Every developer eventually gets asked to "do something with a spreadsheet." Maybe it's processing a CSV export from some legacy system, generating monthly reports, or converting data between formats. You could do it manually. Once. But the moment someone says "can you do this every week?" you need automation.

Python's openpyxl library lets you read, write, and modify Excel files (.xlsx) programmatically. No Excel installation required, no COM automation headaches, no VBA. Just Python reading and writing files.

This isn't a reference for every openpyxl method.
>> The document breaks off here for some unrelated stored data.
(* Each of the two steps moves y by at most eps, and eps_k + eps_(k+1) < 1/(k+1) < phi y. *)
lemma approx_close:
  assumes y: "y \<in> X"
  shows "dist (approx n y) y < \<phi> y"
proof -
  let ?k = "level y"
  let ?z = "h ?k n (switch ?k y, y)"
  have "?z \<in> X" using y by (simp add: h_into switch_range)
  then have "dist (approx n y) ?z \<le> eps (?k + 1)"
    using approx_two_steps[OF y] h_close switch_range by simp
  moreover have "dist ?z y \<le> eps ?k" using y h_close switch_range by simp
  ultimately have "dist (approx n y) y \<le> eps (?k + 1) + eps ?k"
    using dist_triangle[of "approx n y" y ?z] by linarith
  also have "\<dots> \<le> 1 / real (?k + 1) / 4 + 1 / real (?k + 1) / 4"
  proof -
    have "eps j \<le> 1 / real (?k + 1) / 4" if "?k \<le> j" for j
    proof -
      have "1 / (4 * real (Suc j)) \<le> 1 / real (?k + 1) / 4" using that by (simp add: frac_le)
      then show ?thesis using eps_small[of j] by linarith
    qed
    then show ?thesis by (intro add_mono) simp_all
  qed
  also have "\<dots> < 1 / real (?k + 1)"
  proof -
    have "0 < 1 / real (?k + 1)" by simp
    then show ?thesis by linarith
  qed
  also have "\<dots> < \<phi> y"
    using level_bounds[OF y] phi_pos[OF y] by (simp add: field_simps)
  finally show ?thesis .
qed

(* Near x, approx n agrees with the continuous map ladder n M for a fixed M. *)
lemma approx_cont: "continuous_on X (approx n)"
  unfolding continuous_on_eq_continuous_within
proof
  fix x assume x: "x \<in> X"
  define M where "M = level x + 3"
  have "0 < real M - 1 - 1 / \<phi> x" using level_bounds[OF x] unfolding M_def by simp
  then obtain d where d: "d > 0"
    "\<And>y. y \<in> X \<Longrightarrow> dist y x < d \<Longrightarrow> dist (1 / \<phi> y) (1 / \<phi> x) < real M - 1 - 1 / \<phi> x"
    using inverse_phi_cont x unfolding continuous_on_iff by blast
  have "ladder n M y = approx n y" if "y \<in> X" "dist y x < d" for y
  proof (rule ladder_above[OF that(1)])
    have "1 / \<phi> y < real M - 1" using d(2)[OF that] by (simp add: dist_real_def abs_less_iff)
    then show "level y + 2 \<le> M" using level_bounds[OF that(1)] by linarith
  qed
  moreover have "continuous (at x within X) (ladder n M)"
    using ladder_cont x continuous_on_eq_continuous_within by blast
  ultimately show "continuous (at x within X) (approx n)"
    by (rule continuous_transform_within[OF _ d(1) x, rotated]) simp
qed

(* Since one of the two switches of y vanishes, approx n y lies close to the separated image
   of h j n (0,-) for j = level y or j = level y + 1. *)
lemma approx_near_center:
  assumes y: "y \<in> X"
  shows "\<exists>j\<le>level y + 1. \<exists>a\<in>X. dist (approx n y) (h j n (0, a)) \<le> eps (Suc j)"
proof (cases "1 / \<phi> y - real (level y) \<le> 1/2")
  case True
  then have "switch (level y) y = 0" using level_bounds[OF y] by (intro switch_zero) simp
  then have "dist (approx n y) (h (level y) n (0, y)) \<le> eps (Suc (level y))"
    using approx_two_steps[OF y] h_close h_into y switch_range by simp
  then show ?thesis using y by (intro exI[of _ "level y"]) auto
next
  case False
  let ?z = "h (level y) n (switch (level y) y, y)"
  have "switch (level y + 1) y = 0" using False level_bounds[OF y] by (intro switch_zero) simp
  then have "approx n y = h (level y + 1) n (0, ?z)" using approx_two_steps[OF y] by simp
  moreover have "0 \<le> eps (Suc (level y + 1))"
    using order_trans[OF zero_le_dist h_close[of 0 y]] y by simp
  moreover have "?z \<in> X" using y by (simp add: h_into switch_range)
  ultimately show ?thesis by (intro exI[of _ "level y + 1"] conjI bexI[of _ ?z]) simp_all
qed

(* Points whose phi-ball reaches close to x have bounded level: either phi y is large, or
   y itself is close to x and phi y is comparable to phi x. *)
lemma level_bounded_near:
  assumes x: "x \<in> X"
  obtains \<rho> K where "\<rho> > 0" "\<And>y. y \<in> X \<Longrightarrow> dist y x < \<phi> y + \<rho> \<Longrightarrow> level y \<le> K"
proof -
  obtain \<rho> where \<rho>: "\<rho> > 0" "\<And>y. y \<in> X \<Longrightarrow> dist y x < \<rho> \<Longrightarrow> dist (\<phi> y) (\<phi> x) < \<phi> x / 2"
    using phi_cont[unfolded continuous_on_iff] x phi_pos[OF x] by (metis half_gt_zero)
  define c where "c = min (\<rho> / 2) (\<phi> x / 2)"
  have c: "c > 0" using \<rho> phi_pos[OF x] unfolding c_def by simp
  have "level y \<le> nat \<lfloor>1 / c\<rfloor>" if y: "y \<in> X" "dist y x < \<phi> y + \<rho> / 2" for y
  proof -
    have "c \<le> \<phi> y"
    proof (cases "\<rho> / 2 \<le> \<phi> y")
      case False
      then have "dist (\<phi> y) (\<phi> x) < \<phi> x / 2" using y \<rho>(2) by simp
      then have "\<phi> x / 2 \<le> \<phi> y" unfolding dist_real_def by arith
      then show ?thesis unfolding c_def by (simp add: min_le_iff_disj)
    qed (simp add: c_def)
    then have "1 / \<phi> y \<le> 1 / c" using c by (simp add: frac_le)
    then show ?thesis unfolding level_def by (intro nat_mono floor_mono)
  qed
  then show ?thesis using \<rho>(1) by (intro that[of "\<rho> / 2" "nat \<lfloor>1 / c\<rfloor>"]) auto
qed
(* Let $\Gamma$ be a cubic distance-regular graph with at least $10$ vertices, diameter at least $3$, intersection number $b_2=2$ and girth $g(\Gamma)\ge7$, and let $(u_{ij})$ be the generators of $C(G_{aut}^+(\Gamma))$. Let $i,j,k,l$ be vertices with $d(i,k)=d(j,l)=3$. Let $x$ be the unique neighbor of $j$ with $d(x,l)=2$, and let $q$ be the unique neighbor of $x$ with $d(q,j)=2$ and $d(q,l)=3$. Then $$u_{ij}u_{kl}=u_{ij}u_{kl}(u_{ij}+u_{iq}).$$
   Context: A connected regular graph $\Gamma=(V,E)$ of diameter $D$ is distance-regular with intersection array $\{b_0,\dots,b_{D-1};c_1,\dots,c_D\}$ if for any vertices $v,w$ with $d(v,w)=i$, exactly $b_i$ neighbors of $w$ are at distance $i+1$ from $v$ and exactly $c_i$ neighbors of $w$ are at distance $i-1$ from $v$ ($d$ the graph distance). Cubic means $3$-regular; the girth is the length of a shortest cycle. $C(G_{aut}^+(\Gamma))$ is the universal unital $C^*$-algebra generated by $u_{ij}$, $i,j\in V=\{1,\dots,n\}$, with relations: (R1) $u_{ij}=u_{ij}^*=u_{ij}^2$; (R2) $\sum_{l} u_{il}=1=\sum_{l} u_{li}$ for all $i$; (R3) $u_{ij}u_{kl}=u_{kl}u_{ij}=0$ whenever exactly one of $(i,k)\in E$, $(j,l)\in E$ holds. *)

theory Defs
  imports "HOL-Analysis.Analysis"
begin

definition simple_graph :: "'v set \<Rightarrow> ('v \<Rightarrow> 'v \<Rightarrow> bool) \<Rightarrow> bool" where
  "simple_graph V E \<longleftrightarrow> finite V \<and> (\<forall>a b. E a b \<longrightarrow> a \<in> V \<and> b \<in> V) \<and>
     (\<forall>a b. E a b \<longrightarrow> E b a) \<and> (\<forall>a. \<not> E a a)"

definition connected_graph :: "'v set \<Rightarrow> ('v \<Rightarrow> 'v \<Rightarrow> bool) \<Rightarrow> bool" where
  "connected_graph V E \<longleftrightarrow> (\<forall>v\<in>V. \<forall>w\<in>V. \<exists>k. (E ^^ k) v w)"

definition gdist :: "('v \<Rightarrow> 'v \<Rightarrow> bool) \<Rightarrow> 'v \<Rightarrow> 'v \<Rightarrow> nat" where
  "gdist E v w = (LEAST k. (E ^^ k) v w)"

definition regular_graph :: "'v set \<Rightarrow> ('v \<Rightarrow> 'v \<Rightarrow> bool) \<Rightarrow> nat \<Rightarrow> bool" where
  "regular_graph V E d \<longleftrightarrow> (\<forall>v\<in>V. card {w\<in>V. E v w} = d)"

definition diameter :: "'v set \<Rightarrow> ('v \<Rightarrow> 'v \<Rightarrow> bool) \<Rightarrow> nat" where
  "diameter V E = Max {gdist E v w | v w. v \<in> V \<and> w \<in> V}"

definition intersection_numbers ::
  "'v set \<Rightarrow> ('v \<Rightarrow> 'v \<Rightarrow> bool) \<Rightarrow> (nat \<Rightarrow> nat) \<Rightarrow> (nat \<Rightarrow> nat) \<Rightarrow> bool" where
  "intersection_numbers V E b c \<longleftrightarrow>
     (\<forall>v\<in>V. \<forall>w\<in>V.
        card {x\<in>V. E w x \<and> gdist E v x = gdist E v w + 1} = b (gdist E v w) \<and>
        (gdist E v w \<ge> 1 \<longrightarrow>
           card {x\<in>V. E w x \<and> gdist E v x = gdist E v w - 1} = c (gdist E v w)))"

definition distance_regular_graph ::
  "'v set \<Rightarrow> ('v \<Rightarrow> 'v \<Rightarrow> bool) \<Rightarrow> (nat \<Rightarrow> nat) \<Rightarrow> (nat \<Rightarrow> nat) \<Rightarrow> bool" where
  "distance_regular_graph V E b c \<longleftrightarrow>
     simple_graph V E \<and> connected_graph V E \<and> V \<noteq> {} \<and>
     (\<exists>d. regular_graph V E d) \<and> intersection_numbers V E b c"

definition has_cycle_of_length :: "('v \<Rightarrow> 'v \<Rightarrow> bool) \<Rightarrow> nat \<Rightarrow> bool" where
  "has_cycle_of_length E k \<longleftrightarrow> 3 \<le> k \<and>
     (\<exists>xs. length xs = k \<and> distinct xs \<and> (\<forall>i<k. E (xs ! i) (xs ! ((i + 1) mod k))))"

definition girth_at_least :: "('v \<Rightarrow> 'v \<Rightarrow> bool) \<Rightarrow> nat \<Rightarrow> bool" where
  "girth_at_least E m \<longleftrightarrow> (\<forall>k. has_cycle_of_length E k \<longrightarrow> m \<le> k)"

text \<open>A unital (complex) C*-algebra, carried by a real unital Banach algebra type 'a,
  with a central element iota (iota^2 = -1) giving the complex scalar multiplication
  (a + ib) x := a x + b (iota x), an involution st, and the C*-identity.\<close>
definition cstar_algebra :: "('a::{real_normed_algebra_1,banach} \<Rightarrow> 'a) \<Rightarrow> 'a \<Rightarrow> bool" where
  "cstar_algebra st iota \<longleftrightarrow>
     (\<forall>x. iota * x = x * iota) \<and> iota * iota = -1 \<and>
     (\<forall>(a::real) (b::real) x. norm (a *\<^sub>R x + b *\<^sub>R (iota * x)) = sqrt (a\<^sup>2 + b\<^sup>2) * norm x) \<and>
     (\<forall>x. st (st x) = x) \<and> (\<forall>x y. st (x + y) = st x + st y) \<and>
     (\<forall>(a::real) x. st (a *\<^sub>R x) = a *\<^sub>R st x) \<and> st iota = - iota \<and>
     (\<forall>x y. st (x * y) = st y * st x) \<and>
     (\<forall>x. norm (st x * x) = (norm x)\<^sup>2)"
(* Let $\mathcal{L}_1,\mathcal{L}_2$ be objects of $\mathbf{Cal^0_{Sym}}$ that are DAC-lattices, and let $f\in\mathbf{Cal^0_{Sym}}(\mathcal{L}_1,\mathcal{L}_2^{\mathrm{op}})$ be such that $f(\mathcal{L}_1)$ has length $2$. Then the coatom $X:=\bigcup\{\{p\}\times\Sigma[f(p)]\,;\,p\in\Sigma_1\}$ of $\mathcal{L}_1\circledast\mathcal{L}_2$ (where $f(p)$ is regarded as an element of $\mathcal{L}_2$) is a $\ast$-coatom, i.e. there exist distinct coatoms $x_1,y_1$ of $\mathcal{L}_1$, distinct coatoms $x_2,y_2$ of $\mathcal{L}_2$ and a bijection $h:\Sigma'[x_1\wedge y_1]\to\Sigma'[x_2\wedge y_2]$ such that $X=\bigcup\{\Sigma[z]\times\Sigma[h(z)];z\in\Sigma'[x_1\wedge y_1]\}$.
   Context: Lattice notation: $\Sigma_i,\Sigma_i'$ atoms and coatoms; $\Sigma[a]$ atoms below $a$, $\Sigma'[a]$ coatoms above $a$; $\mathsf{Cl}(\omega)=\{\Sigma[a];a\in\omega\}$; $\mathcal{L}^{\mathrm{op}}$ the dual lattice; $f^\circ(b):=\bigvee\{a;f(a)\le b\}$. A DAC-lattice is a lattice with $0,1$ such that $\mathcal{L}$ and $\mathcal{L}^{\mathrm{op}}$ are atomistic with the covering property. $\mathbf{Cal^0_{Sym}}$: objects are complete atomistic coatomistic lattices with $\Sigma[x]\cup\Sigma[y]\ne\Sigma$ for all coatoms $x,y$ and $\Sigma'[p]\cup\Sigma'[q]\ne\Sigma'$ for all atoms $p,q$; arrows preserve arbitrary joins, send atoms to atoms or $0$, with $f^\circ$ sending coatoms to coatoms or $1$. $\Sigma'_\circledast$ is the set of $R\subsetneqq\Sigma_1\times\Sigma_2$ such that for all $(p_1,p_2)$, $\{q_1;(q_1,p_2)\in R\}\in\mathsf{Cl}(\Sigma_1'\cup\{1\})$ and $\{q_2;(p_1,q_2)\in R\}\in\mathsf{Cl}(\Sigma_2'\cup\{1\})$; $\mathcal{L}_1\circledast\mathcal{L}_2:=\{\bigcap\omega;\omega\subseteq\Sigma'_\circledast\cup\{\Sigma_1\times\Sigma_2\}\}$. The length of a subset is the supremum of lengths of its chains (a chain $c_0<\dots<c_n$ has length $n$). *)

theory Defs
  imports Main "HOL-Library.Dual_Ordered_Lattice" "HOL-Library.Extended_Nat"
begin

definition atom :: "'a::complete_lattice \<Rightarrow> bool" where
  "atom p \<longleftrightarrow> bot < p \<and> (\<forall>x. bot < x \<and> x \<le> p \<longrightarrow> x = p)"

definition coatom :: "'a::complete_lattice \<Rightarrow> bool" where
  "coatom x \<longleftrightarrow> x < top \<and> (\<forall>y. x \<le> y \<and> y < top \<longrightarrow> y = x)"

definition Atoms :: "'a::complete_lattice set" where
  "Atoms = {p. atom p}"

definition Coatoms :: "'a::complete_lattice set" where
  "Coatoms = {x. coatom x}"

definition atoms_below :: "'a::complete_lattice \<Rightarrow> 'a set" where
  "atoms_below a = {p. atom p \<and> p \<le> a}"

definition coatoms_above :: "'a::complete_lattice \<Rightarrow> 'a set" where
  "coatoms_above a = {x. coatom x \<and> a \<le> x}"

definition Cl :: "'a::complete_lattice set \<Rightarrow> 'a set set" where
  "Cl \<omega> = atoms_below ` \<omega>"

definition covers :: "'a::order \<Rightarrow> 'a \<Rightarrow> bool" where
  "covers a b \<longleftrightarrow> a < b \<and> (\<forall>c. a \<le> c \<and> c \<le> b \<longrightarrow> c = a \<or> c = b)"

definition atomistic :: "'a::complete_lattice itself \<Rightarrow> bool" where
  "atomistic _ \<longleftrightarrow> (\<forall>a::'a. a = Sup (atoms_below a))"

definition coatomistic :: "'a::complete_lattice itself \<Rightarrow> bool" where
  "coatomistic _ \<longleftrightarrow> (\<forall>a::'a. a = Inf (coatoms_above a))"

definition covering_property :: "'a::complete_lattice itself \<Rightarrow> bool" where
  "covering_property _ \<longleftrightarrow>
     (\<forall>(a::'a) p. atom p \<and> \<not> p \<le> a \<longrightarrow> covers a (sup a p))"

definition DAC_lattice :: "'a::complete_lattice itself \<Rightarrow> bool" where
  "DAC_lattice T \<longleftrightarrow> atomistic T \<and> covering_property T \<and>
     atomistic TYPE('a dual) \<and> covering_property TYPE('a dual)"

definition Cal0Sym_obj :: "'a::complete_lattice itself \<Rightarrow> bool" where
  "Cal0Sym_obj T \<longleftrightarrow> atomistic T \<and> coatomistic T \<and>
     (\<forall>x y::'a. coatom x \<and> coatom y \<longrightarrow> atoms_below x \<union> atoms_below y \<noteq> Atoms) \<and>
     (\<forall>p q::'a. atom p \<and> atom q \<longrightarrow> coatoms_above p \<union> coatoms_above q \<noteq> Coatoms)"

definition resid :: "('a::complete_lattice \<Rightarrow> 'b::complete_lattice) \<Rightarrow> 'b \<Rightarrow> 'a" where
  "resid f b = Sup {a. f a \<le> b}"

definition Cal0Sym_arrow :: "('a::complete_lattice \<Rightarrow> 'b::complete_lattice) \<Rightarrow> bool" where
  "Cal0Sym_arrow f \<longleftrightarrow>
     (\<forall>S. f (Sup S) = Sup (f ` S)) \<and>
     (\<forall>p. atom p \<longrightarrow> atom (f p) \<or> f p = bot) \<and>
     (\<forall>x. coatom x \<longrightarrow> coatom (resid f x) \<or> resid f x = top)"

definition chain_of_length :: "'a::order set \<Rightarrow> nat \<Rightarrow> bool" where
  "chain_of_length S n \<longleftrightarrow>
     (\<exists>c::nat \<Rightarrow> 'a. (\<forall>i\<le>n. c i \<in> S) \<and> (\<forall>i<n. c i < c (Suc i)))"

definition set_length :: "'a::order set \<Rightarrow> enat" where
  "set_length S = Sup {enat n | n. chain_of_length S n}"

definition Sigma'_tensor :: "('a::complete_lattice \<times> 'b::complete_lattice) set set" where
  "Sigma'_tensor = {R. R \<subset> Atoms \<times> Atoms \<and>
     (\<forall>p1\<in>Atoms. \<forall>p2\<in>Atoms.
        {q1. (q1, p2) \<in> R} \<in> Cl (Coatoms \<union> {top}) \<and>
        {q2. (p1, q2) \<in> R} \<in> Cl (Coatoms \<union> {top}))}"

text \<open>intersections are taken inside \<Sigma>1 \<times> \<Sigma>2 (so the empty intersection is \<Sigma>1 \<times> \<Sigma>2)\<close>
definition tensor :: "('a::complete_lattice \<times> 'b::complete_lattice) set set" where
  "tensor = {(Atoms \<times> Atoms) \<inter> \<Inter>\<omega> | \<omega>. \<omega> \<subseteq> Sigma'_tensor \<union> {Atoms \<times> Atoms}}"

definition tensor_coatom :: "('a::complete_lattice \<times> 'b::complete_lattice) set \<Rightarrow> bool" where
  "tensor_coatom X \<longleftrightarrow> X \<in> tensor \<and> X \<noteq> Atoms \<times> Atoms \<and>
     (\<forall>Y\<in>tensor. X \<subseteq> Y \<longrightarrow> Y = X \<or> Y = Atoms \<times> Atoms)"

end

theory Submission
  imports Defs
begin

(*
  Write g a = undual (f a). Then g turns joins into meets and atoms into coatoms or top, and its
  adjoint g' (a <= g' b iff b <= g a) is the residual of f, so it too sends atoms to coatoms or top.
  Hence the relation X = {(p, q). q <= g p} has closed rows Sigma[g p] and closed columns
  Sigma[g' q]. If a closed relation R strictly contains X, the row and the column through any point
  of R outside X are full; since the atoms below two coatoms never exhaust Sigma_2, such points
  spread over the whole of Sigma_1 x Sigma_2, so X is a coatom of the tensor product.

  Length 2 of the image forces every value of g to be top, m = g top, or a coatom. Two distinct
  coatom values meet in m, and the covering property of the dual lattice shows that they are
  exactly the coatoms above m. Symmetrically g' maps them onto the coatoms above g' top, where g
  inverts g'; this bijection displays X as a *-coatom.
*)

lemma mem_Atoms [simp]: "p \<in> Atoms \<longleftrightarrow> atom p"
  by (simp add: Atoms_def)

lemma mem_Coatoms [simp]: "x \<in> Coatoms \<longleftrightarrow> coatom x"
  by (simp add: Coatoms_def)

lemma mem_atoms_below [simp]: "p \<in> atoms_below a \<longleftrightarrow> atom p \<and> p \<le> a"
  by (simp add: atoms_below_def)

lemma mem_coatoms_above [simp]: "x \<in> coatoms_above a \<longleftrightarrow> coatom x \<and> a \<le> x"
  by (simp add: coatoms_above_def)

lemma atoms_below_top [simp]: "atoms_below top = Atoms"
  by auto

lemma coatom_neq_top: "coatom x \<Longrightarrow> x \<noteq> top"
  by (auto simp: coatom_def)

lemma coatom_le_imp_eq: "coatom x \<Longrightarrow> x \<le> y \<Longrightarrow> y \<noteq> top \<Longrightarrow> y = x"
  by (simp add: coatom_def top.not_eq_extremum)
lemma smooth_on_pdir:
  assumes "smooth_on S g" "b \<in> Basis"
  shows "smooth_on S (pdir b g)"
  unfolding smooth_on_def
proof (intro allI impI)
  fix vs :: "'a list" assume "set vs \<subseteq> Basis"
  then have "set (vs @ [b]) \<subseteq> Basis" using assms(2) by simp
  then show "continuous_on S (foldr pdir vs (pdir b g)) \<and>
      (\<forall>z\<in>S. \<forall>v\<in>Basis. (\<lambda>s. foldr pdir vs (pdir b g) (z + s *\<^sub>R v)) differentiable at 0)"
    using assms(1)[unfolded smooth_on_def, rule_format, of "vs @ [b]"] by simp
qed

lemma smooth_on_pdir_commute:
  assumes "open S" "smooth_on S g" "z \<in> S" "a \<in> Basis" "b \<in> Basis"
  shows "pdir b (pdir a g) z = pdir a (pdir b g) z"
proof (rule pdir_pdir_commute[OF assms(1,3)])
  show "continuous_on S (pdir b (pdir a g))" "continuous_on S (pdir a (pdir b g))"
    using assms by (auto intro: smooth_on_continuous_on smooth_on_pdir)
  show "pdir_differentiable a g w \<and> pdir_differentiable b g w \<and>
      pdir_differentiable b (pdir a g) w \<and> pdir_differentiable a (pdir b g) w" if "w \<in> S" for w
    using assms that by (auto intro: smooth_on_pdir_differentiable smooth_on_pdir)
qed

lemma time_in_Basis [simp]: "((1::real), (0::real^'n)) \<in> Basis"
  by (simp add: Basis_prod_def)

lemma axis_in_Basis [simp]: "((0::real), (axis j 1::real^'n)) \<in> Basis"
  by (auto simp: Basis_prod_def Basis_vec_def)
lemma R_bij: "bij_betw R (fsp (I \<times> I)) (fsp (I \<times> I))"
proof (rule bij_betw_byWitness[where f' = R_inv])
  show "\<forall>T\<in>fsp (I \<times> I). R_inv (R T) = T"
  proof
    fix T :: "'c \<times> 'c \<Rightarrow> 'k" assume T: "T \<in> fsp (I \<times> I)"
    show "R_inv (R T) = T"
      by (rule linear_on_eq_on_basis[OF linear_on_comp[OF R_linear R_fsp R_inv_linear] linear_on_id _ T])
         (auto simp: tens_delta[symmetric] R_inv_R_tens fsp_delta)
  qed
  show "\<forall>T\<in>fsp (I \<times> I). R (R_inv T) = T"
  proof
    fix T :: "'c \<times> 'c \<Rightarrow> 'k" assume T: "T \<in> fsp (I \<times> I)"
    show "R (R_inv T) = T"
      by (rule linear_on_eq_on_basis[OF linear_on_comp[OF R_inv_linear R_inv_fsp R_linear] linear_on_id _ T])
         (auto simp: tens_delta[symmetric] R_R_inv_tens fsp_delta)
  qed
  show "R ` fsp (I \<times> I) \<subseteq> fsp (I \<times> I)" "R_inv ` fsp (I \<times> I) \<subseteq> fsp (I \<times> I)"
    using R_fsp R_inv_fsp by auto
qed

theorem YBE_solution: "YBE_solution I R"
  using R_linear R_bij YBE unfolding YBE_solution_def linear_on_def by blast

end

section \<open>Derivations of a tensor square\<close>

definition tens_der ::
    "(('a \<Rightarrow> 'k::comm_ring_1) \<Rightarrow> ('a \<Rightarrow> 'k)) \<Rightarrow> ('a \<times> 'a \<Rightarrow> 'k) \<Rightarrow> ('a \<times> 'a \<Rightarrow> 'k)" where
  "tens_der d F = (\<lambda>(w1, w2). d (\<lambda>s. F (s, w2)) w1 + d (\<lambda>t. F (w1, t)) w2)"

lemma linear_on_tens_der:
  assumes "linear_on U d"
  shows "linear_on (U \<times> U) (tens_der d)"
proof -
  have "tens_der d (vadd F G) = vadd (tens_der d F) (tens_der d G)"
    "tens_der d (vsmult c F) = vsmult c (tens_der d F)"
    if "F \<in> fsp (U \<times> U)" "G \<in> fsp (U \<times> U)" for F G c
  proof -
    have "(\<lambda>s. vadd F G (s, w)) = vadd (\<lambda>s. F (s, w)) (\<lambda>s. G (s, w))"
      "(\<lambda>t. vadd F G (w, t)) = vadd (\<lambda>t. F (w, t)) (\<lambda>t. G (w, t))"
      "(\<lambda>s. vsmult c F (s, w)) = vsmult c (\<lambda>s. F (s, w))"
      "(\<lambda>t. vsmult c F (w, t)) = vsmult c (\<lambda>t. F (w, t))" for w
      by (simp_all add: vadd_def vsmult_def)
    then show "tens_der d (vadd F G) = vadd (tens_der d F) (tens_der d G)"
      "tens_der d (vsmult c F) = vsmult c (tens_der d F)"
      using that by (simp_all add: tens_der_def linear_onD[OF assms] fsp_slice_fst fsp_slice_snd)
        (simp_all add: vadd_def vsmult_def fun_eq_iff algebra_simps)
  qed
  then show ?thesis by (simp add: linear_on_def)
qed

lemma tens_der_tens:
  assumes d: "linear_on U d" and "a \<in> fsp U" "b \<in> fsp U"
  shows "tens_der d (tens a b) = vadd (tens (d a) b) (tens a (d b))"
proof -
  have "(\<lambda>s. tens a b (s, w)) = vsmult (b w) a" "(\<lambda>t. tens a b (w, t)) = vsmult (a w) b" for w
    by (simp_all add: tens_def vsmult_def fun_eq_iff mult.commute)
  then show ?thesis
    using assms by (simp add: tens_der_def linear_onD[OF d])
      (simp add: vadd_def vsmult_def tens_def fun_eq_iff mult.commute)
qed

lemma fsp_tens_der:
  assumes d: "linear_on U d" "\<And>f. f \<in> fsp U \<Longrightarrow> d f \<in> fsp U" and "F \<in> fsp (U \<times> U)"
  shows "tens_der d F \<in> fsp (U \<times> U)"
  by (rule linear_on_fsp[OF linear_on_tens_der[OF d(1)] _ assms(3)])
     (auto simp: tens_delta[symmetric] tens_der_tens[OF d(1)] fsp_delta intro!: fsp_vadd fsp_tens d(2) fsp_delta)

lemma tens_der_apply: "tens_der d F (w1, w2) = d (\<lambda>s. F (s, w2)) w1 + d (\<lambda>t. F (w1, t)) w2"
  by (simp add: tens_der_def)

lemma tens_der_vadd_op: "tens_der (\<lambda>f. vadd (d1 f) (d2 f)) F = vadd (tens_der d1 F) (tens_der d2 F)"
  by (simp add: tens_der_def vadd_def fun_eq_iff algebra_simps)

lemma tens_der_vsmult_op: "tens_der (\<lambda>f. vsmult c (d f)) F = vsmult c (tens_der d F)"
  by (simp add: tens_der_def vsmult_def fun_eq_iff algebra_simps)

lemma tens_der_cong:
  assumes "\<And>f. f \<in> fsp U \<Longrightarrow> d f = d' f" "F \<in> fsp (U \<times> U)"
  shows "tens_der d F = tens_der d' F"
  using assms by (simp add: tens_der_def fsp_slice_fst fsp_slice_snd)

lemma tens_der_zero_op [simp]: "tens_der (\<lambda>_ _. 0) F = (\<lambda>_. 0 :: 'k::comm_ring_1)"
  by (rule ext) (simp add: tens_der_def split: prod.split)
It's a practical guide -- the operations you'll actually use, the formatting that actually matters, and real examples you can adapt.

Installation

pip install openpyxl

That's it. No system dependencies, no binary builds. Works on every platform.

Reading Excel Files

from openpyxl import load_workbook

# Load a workbook
wb = load_workbook("sales_data.xlsx")

# List all sheet names
print(wb.sheetnames)  # ['Sheet1', 'Q1 Sales', 'Q2 Sales']

# Get the active sheet (the one open when the file was last saved)
ws = wb.active

# Or get a specific sheet
ws = wb["Q1 Sales"]

# Read a single cell
print(ws["A1"].value)       # By cell reference
print(ws.cell(row=1, column=1).value)  # By row/column numbers (1-indexed)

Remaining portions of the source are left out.